I got a Lawnmower Blenny about a week ago, and I don't think it's eating. I read that when they are rapidly breathing and opening up and closing their mouths that means they are hungry. When I open up the tank lid he just hides under a rock and doesn't come out. I have been trying to target feed him with a syringe, but I just don't think he is eating... :animated_fish_swimm


----------



## djrichie (May 15, 2008)

try feeding right before light out, seens to be a shy fish. if you have lunar lights you can check to see if the darken makes him come out.


----------



## AngelFish23 (Dec 31, 2008)

Okay! Thanks! I'll be sure to try that!


----------



## archer772 (Nov 8, 2008)

Try putting an algea sheet in if you havent yet


----------



## reefdaddy (Jan 6, 2009)

Yeppers the sheet should work, Shy fish will only roam at nite generaly so stick the sheet in let him get it at his leasure.


----------



## FreeEnterprise (Mar 5, 2009)

Is it a new tank?

Lawnmowers need algea. If your tank is established, it will eat off the glass, and rocks, and you probably wouldn't notice, as they can be shy till they get to know you... You can tell they are doing it by the little round holes in the algea on the glass that they leave behind.

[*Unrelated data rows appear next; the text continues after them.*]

lemma indep_parallel_image:
  assumes M: "matroid E indep" and LL: "loopless E indep" and T: "indep T"
    and inj: "inj_on f X" and f: "\<forall>x\<in>X. f x \<in> T \<and> parallel E indep (f x) x"
  shows "indep X"
proof -
  have "finite X"
    using finite_imageD[OF finite_subset[OF _ matroid_indep_finite[OF M T]] inj] f by blast
  then have "indep (X \<union> (T - f ` X))" using T inj f
  proof (induction X arbitrary: T rule: finite_induct)
    case empty
    then show ?case by simp
  next
    case (insert x X)
    have fx: "f x \<in> T" "parallel E indep (f x) x" using insert.prems(3) by auto
    have fx_X: "f x \<notin> f ` X" using insert.hyps(2) insert.prems(2) by auto
    show ?case
    proof (cases "f x = x")
      case True
      have "indep (X \<union> (T - f ` X))" using insert by (simp add: inj_on_insert)
      moreover have "X \<union> (T - f ` X) = insert x X \<union> (T - f ` insert x X)"
        using True fx(1) fx_X by auto
      ultimately show ?thesis by simp
    next
      case False
      have "x \<notin> T"
      proof
        assume "x \<in> T"
        then have "indep {f x, x}" using matroid_indep_subset[OF M insert.prems(1)] fx(1) by simp
        then show False using parallel_dependent[OF fx(2) False] by simp
      qed
      then have "indep (insert x (T - {f x}))"
        using indep_exchange_parallel[OF M LL insert.prems(1) fx not_sym[OF False]] by simp
      moreover have "\<forall>y\<in>X. f y \<in> insert x (T - {f x}) \<and> parallel E indep (f y) y"
        using insert.prems(3) fx_X by (auto simp: image_iff)
      ultimately have "indep (X \<union> (insert x (T - {f x}) - f ` X))"
        using insert.IH insert.prems(2) by (simp add: inj_on_insert)
      moreover have "x \<notin> f ` X" using \<open>x \<notin> T\<close> insert.prems(3) by auto
      then have "X \<union> (insert x (T - {f x}) - f ` X) = insert x X \<union> (T - f ` insert x X)"
        by auto
      ultimately show ?thesis by simp
    qed
  qed
  then show ?thesis by (rule matroid_indep_subset[OF M]) blast
qed

lemma is_partition_parallel_classes:
  assumes M: "matroid E indep" and LL: "loopless E indep" and I: "indep I"
  shows "is_partition (parallel_class E indep ` I)"
  unfolding is_partition_def
proof (intro conjI ballI impI)
  show "finite (parallel_class E indep ` I)" using matroid_indep_finite[OF M I] by simp
next
  fix B assume "B \<in> parallel_class E indep ` I"
  then obtain a where a: "a \<in> I" "B = parallel_class E indep a" by blast
  show "finite B" using a(2) finite_subset[OF parallel_class_subset matroid_finite[OF M]] by simp
  have "a \<in> E" using a(1) matroid_indep_carrier[OF M I] by blast
  then have "a \<in> B" using a(2) by (simp add: mem_parallel_class)
  then show "B \<noteq> {}" by blast
next
  fix B C assume "B \<in> parallel_class E indep ` I" "C \<in> parallel_class E indep ` I" "B \<noteq> C"
  then obtain a b where ab: "a \<in> I" "b \<in> I" "B = parallel_class E indep a" "C = parallel_class E indep b"
    and "a \<noteq> b" by blast
  show "B \<inter> C = {}"
  proof (rule ccontr)
    assume "B \<inter> C \<noteq> {}"
    then obtain x where "x \<in> parallel_class E indep a" "x \<in> parallel_class E indep b"
      using ab(3,4) by blast
    then show False using parallel_classes_disjoint[OF M LL I ab(1,2)] \<open>a \<noteq> b\<close> by blast
  qed
qed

Plus, some fish caught in the wild just can't make the switch to tank life... sadly it happens. 

You can look at his belly to see if he is eating, its pretty obvious if it is shrunken in, or swelled out.

I love those fish, they look like a dr. suess fish. My wife named mine lucifer... She didn't like how it was always staring at her.


----------



## moparmussel (Nov 7, 2008)

i break up an algae wafer and let it drop to bottom,works great!


----------